In order to verify the functionality of Bus mastering DMA transaction through PCI express, simulation was performed using Xilinx simulator and Chip-Scope Pro and simulation results as shown in Fig. 3.



Fig. 3. Simulation results.

After functional verification, it will be burnt to the Xilinx FPGA ML605 development board, the memory read/write speed was tested under Windows operating system, experiments show that, our Bus mastering DMA transaction method for PCI Express devices can reach 1508MBytes/s WRITE speed and 930MBytes/s READ speed as shown in Fig. 4. The design proposed reasonably satisfies the demands for smooth HD video data transactions.

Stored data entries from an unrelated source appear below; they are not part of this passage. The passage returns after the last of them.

lemma integral_mult_smooth_indicator_tendsto:
  assumes h: "integrable (lebesgue_on {0<..<L}) h" and cd: "c \<le> d" and e: "e > 0"
  shows "(\<lambda>n. integral\<^sup>L (lebesgue_on {0<..<L}) (\<lambda>t. h t * smooth_indicator c d (e / Suc n) t))
     \<longlonglongrightarrow> integral\<^sup>L (lebesgue_on {0<..<L}) (\<lambda>t. h t * indicator {c<..d} t)"
proof (rule integral_dominated_convergence[where w="\<lambda>x. norm (h x)"])
  have hm: "h \<in> borel_measurable (lebesgue_on {0<..<L})" using h by (rule borel_measurable_integrable)
  have im: "(\<lambda>t. indicator {c<..d} t :: real) \<in> borel_measurable (lebesgue_on {0<..<L})"
    by (rule measurable_restrict_space1) (auto intro: measurable_completion)
  show "(\<lambda>t. h t * indicator {c<..d} t) \<in> borel_measurable (lebesgue_on {0<..<L})"
    using hm im by (rule borel_measurable_times)
  show "(\<lambda>t. h t * smooth_indicator c d (e / Suc n) t) \<in> borel_measurable (lebesgue_on {0<..<L})" for n
  proof -
    have "smooth_indicator c d (e / Suc n) \<in> borel_measurable (lebesgue_on {0<..<L})"
      by (rule continuous_imp_measurable_on_sets_lebesgue)
         (use continuous_on_smooth_indicator[of "e / Suc n" c d] e in \<open>auto intro: continuous_on_subset\<close>)
    then show ?thesis using hm by (intro borel_measurable_times)
  qed
  show "integrable (lebesgue_on {0<..<L}) (\<lambda>x. norm (h x))" using h by (rule integrable_norm)
  show "AE x in lebesgue_on {0<..<L}.
      (\<lambda>n. h x * smooth_indicator c d (e / Suc n) x) \<longlonglongrightarrow> h x * indicator {c<..d} x"
    by (intro AE_I2 tendsto_mult tendsto_const smooth_indicator_tendsto_indicator cd e)
  show "AE x in lebesgue_on {0<..<L}. norm (h x * smooth_indicator c d (e / Suc n) x) \<le> norm (h x)" for n
  proof (intro AE_I2)
    fix x
    have "e / Suc n > 0" using e by simp
    then have "0 \<le> smooth_indicator c d (e / Suc n) x" "smooth_indicator c d (e / Suc n) x \<le> 1"
      using smooth_indicator_bounds[OF cd] by blast+
    then show "norm (h x * smooth_indicator c d (e / Suc n) x) \<le> norm (h x)"
      by (simp add: abs_mult mult_left_le)
  qed
qed

lemma test_fun_smooth_indicator_shrinking:
  assumes "0 < c" "c \<le> d" "d < L"
  shows "test_fun L (smooth_indicator c d ((L - d) / 2 / Suc n))"
proof -
  define e where "e = (L - d) / 2"
  have "e > 0" "d + e < L" using assms unfolding e_def by (auto simp: field_simps)
  moreover have "e / Suc n \<le> e" "e / Suc n > 0" using \<open>e > 0\<close> by (simp_all add: divide_le_eq)
  ultimately show ?thesis
    unfolding e_def[symmetric] using assms by (intro test_fun_smooth_indicator) auto
qed

text \<open>Testing the weak derivative against \<open>smooth_indicator c d e\<close>, whose derivative is
  \<open>bump c e - bump d e\<close>, and letting \<open>e \<rightarrow> 0\<close>.\<close>
lemma H1_integral_deriv:
  assumes w: "H1_with_deriv L w w'" and cd: "0 < c" "c < d" "d < L"
  shows "w d - w c = integral\<^sup>L (lebesgue_on {0<..<L}) (\<lambda>t. w' t * indicator {c<..d} t)"
proof -
  define e where "e = (L - d) / 2"
  have e: "e > 0" "d + e < L" using cd unfolding e_def by (auto simp: field_simps)
  let ?M = "lebesgue_on {0<..<L}"
  have wc: "continuous_on {0..L} w" and w'i: "integrable ?M w'" and wd: "weak_deriv_on L w w'"
    using w L2_on_imp_integrable[of L w'] unfolding H1_with_deriv_def by blast+
  have seq: "integral\<^sup>L ?M (\<lambda>t. w t * bump c (e / Suc n) t) - integral\<^sup>L ?M (\<lambda>t. w t * bump d (e / Suc n) t)
      = - integral\<^sup>L ?M (\<lambda>t. w' t * smooth_indicator c d (e / Suc n) t)" for n
  proof -
    let ?e = "e / Suc n"
    have e': "?e > 0" "?e \<le> e" using e by (simp_all add: divide_le_eq)
    have i1: "integrable ?M (\<lambda>t. w t * bump c ?e t)" "integrable ?M (\<lambda>t. w t * bump d ?e t)"
      using cd e e' by (intro integrable_mult_bump wc; linarith)+
    have "integral\<^sup>L ?M (\<lambda>t. w t * deriv (smooth_indicator c d ?e) t)
        = - integral\<^sup>L ?M (\<lambda>t. w' t * smooth_indicator c d ?e t)"
      using wd test_fun_smooth_indicator_shrinking[of c d L n] cd
      unfolding weak_deriv_on_def e_def by simp
    moreover have "integral\<^sup>L ?M (\<lambda>t. w t * deriv (smooth_indicator c d ?e) t)
       = integral\<^sup>L ?M (\<lambda>t. w t * bump c ?e t) - integral\<^sup>L ?M (\<lambda>t. w t * bump d ?e t)"
      unfolding deriv_smooth_indicator[OF e'(1)] right_diff_distrib
      using Bochner_Integration.integral_diff[OF i1] by simp
    ultimately show ?thesis by simp
  qed
  have "(\<lambda>n. integral\<^sup>L ?M (\<lambda>t. w t * bump c (e / Suc n) t)
        - integral\<^sup>L ?M (\<lambda>t. w t * bump d (e / Suc n) t))
      \<longlonglongrightarrow> w c - w d"
    by (intro tendsto_diff integral_mult_bump_tendsto) (use cd e wc in auto)
  moreover have "(\<lambda>n. - integral\<^sup>L ?M (\<lambda>t. w' t * smooth_indicator c d (e / Suc n) t))
      \<longlonglongrightarrow> - integral\<^sup>L ?M (\<lambda>t. w' t * indicator {c<..d} t)"
    by (intro tendsto_minus integral_mult_smooth_indicator_tendsto w'i e) (use cd in auto)
  ultimately have "w c - w d = - integral\<^sup>L ?M (\<lambda>t. w' t * indicator {c<..d} t)"
    using LIMSEQ_unique seq by simp
  then show ?thesis by simp
qed

lemma distr_eq_on_integral_Ioc:
  assumes eq: "distr_eq_on L f g" and f: "integrable (lebesgue_on {0<..<L}) f"
    and g: "integrable (lebesgue_on {0<..<L}) g" and cd: "0 < c" "c \<le> d" "d < L"
  shows "integral\<^sup>L (lebesgue_on {0<..<L}) (\<lambda>t. f t * indicator {c<..d} t)
       = integral\<^sup>L (lebesgue_on {0<..<L}) (\<lambda>t. g t * indicator {c<..d} t)"
proof -
  let ?M = "lebesgue_on {0<..<L}" and ?e = "\<lambda>n. (L - d) / 2 / Suc n"
  have "(\<lambda>n. integral\<^sup>L ?M (\<lambda>t. f t * smooth_indicator c d (?e n) t))
      \<longlonglongrightarrow> integral\<^sup>L ?M (\<lambda>t. f t * indicator {c<..d} t)"
    by (rule integral_mult_smooth_indicator_tendsto) (use f cd in auto)
  moreover have "(\<lambda>n. integral\<^sup>L ?M (\<lambda>t. g t * smooth_indicator c d (?e n) t))
      \<longlonglongrightarrow> integral\<^sup>L ?M (\<lambda>t. g t * indicator {c<..d} t)"
    by (rule integral_mult_smooth_indicator_tendsto) (use g cd in auto)
  moreover have "integral\<^sup>L ?M (\<lambda>t. f t * smooth_indicator c d (?e n) t)
      = integral\<^sup>L ?M (\<lambda>t. g t * smooth_indicator c d (?e n) t)" for n
    using eq test_fun_smooth_indicator_shrinking[OF cd] unfolding distr_eq_on_def by blast
  ultimately show ?thesis using LIMSEQ_unique by simp
qed

section \<open>Functions with vanishing interval integrals\<close>

lemma emeasure_density_greaterThan:
  fixes P :: "real \<Rightarrow> real"
  assumes [measurable]: "P \<in> borel_measurable borel"
    and P: "integrable lborel (\<lambda>t. P t * indicator {x<..} t)" and P_nonneg: "\<And>t. P t \<ge> 0"
  shows "emeasure (density lborel (\<lambda>t. ennreal (P t))) {x<..}
    = ennreal (integral\<^sup>L lborel (\<lambda>t. P t * indicator {x<..} t))"
proof -
  have "emeasure (density lborel (\<lambda>t. ennreal (P t))) {x<..}
      = (\<integral>\<^sup>+ t. ennreal (P t * indicator {x<..} t) \<partial>lborel)"
    by (subst emeasure_density) (auto intro!: nn_integral_cong simp: indicator_def)
  also have "\<dots> = ennreal (integral\<^sup>L lborel (\<lambda>t. P t * indicator {x<..} t))"
    by (rule nn_integral_eq_integral[OF P]) (auto simp: P_nonneg)
  finally show ?thesis .
qed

Fig. 4. GUI for DMA Tansactions on Windows XP.

## 5. Conclusion

This paper has presented one implementation which drives the study and application of PCI express using the Xilinx PCI express core for smooth HD video data transactions. The suggested idea could lead to measured improvements in read and write transactions that are more closely approximate the theoretical limit of 1000 MByte/Sec for smooth HD video data transactions.

## References

- 1. A. F. Harvey, 1991, "DMA Fundamentals on Various PC Platforms", National Instruments Application note 011.
- 2. Bittner, Ray, Speedy Bus Mastering PCI Express, 22nd International Conference on Field Programmable Logic and Applications (FPL 2012).
- 3. Santosh Kumar B," Review of Bus Mastering DMA through PCI express", Journal of Advanced Research in Dynamical and Control Systems JARDCS, 1943023X, Vol. 11, Special Issue-08, Page 2442-2445, 2019.
- 4. Hossein Kavianipour, Steffen Muschter and Christian Bohm, "High Performance FPGA based DMA Interface for PCIe", IEEE 2012 978-1-4673-1084-0/12.
- 5. Shanley, T., Anderson, D., PCI System Architecture, Fourth Edition, MindShare Inc., Addison-Wesley Developer's Press, 1999.
- 6. Jason Lawley, "Bus Master Performance Demonstration Reference Design for the Xilinx Endpoint PCI Express Solutions", Xilinx Application Note 1052 (V3.3) April 3, 2015.
- 7. NorthWest Logic [Online]. Available: http://nwlogic.com/products/ pci-express-solution/.

- Xilinx LogiCORE<sup>™</sup> IP Endpoint Block Plus vl.9 for PCI Express User Guide [J]. America, 2008.
  PCI-SIG, "PCI Express Base Specification Revision 3.0", November 10, 2010.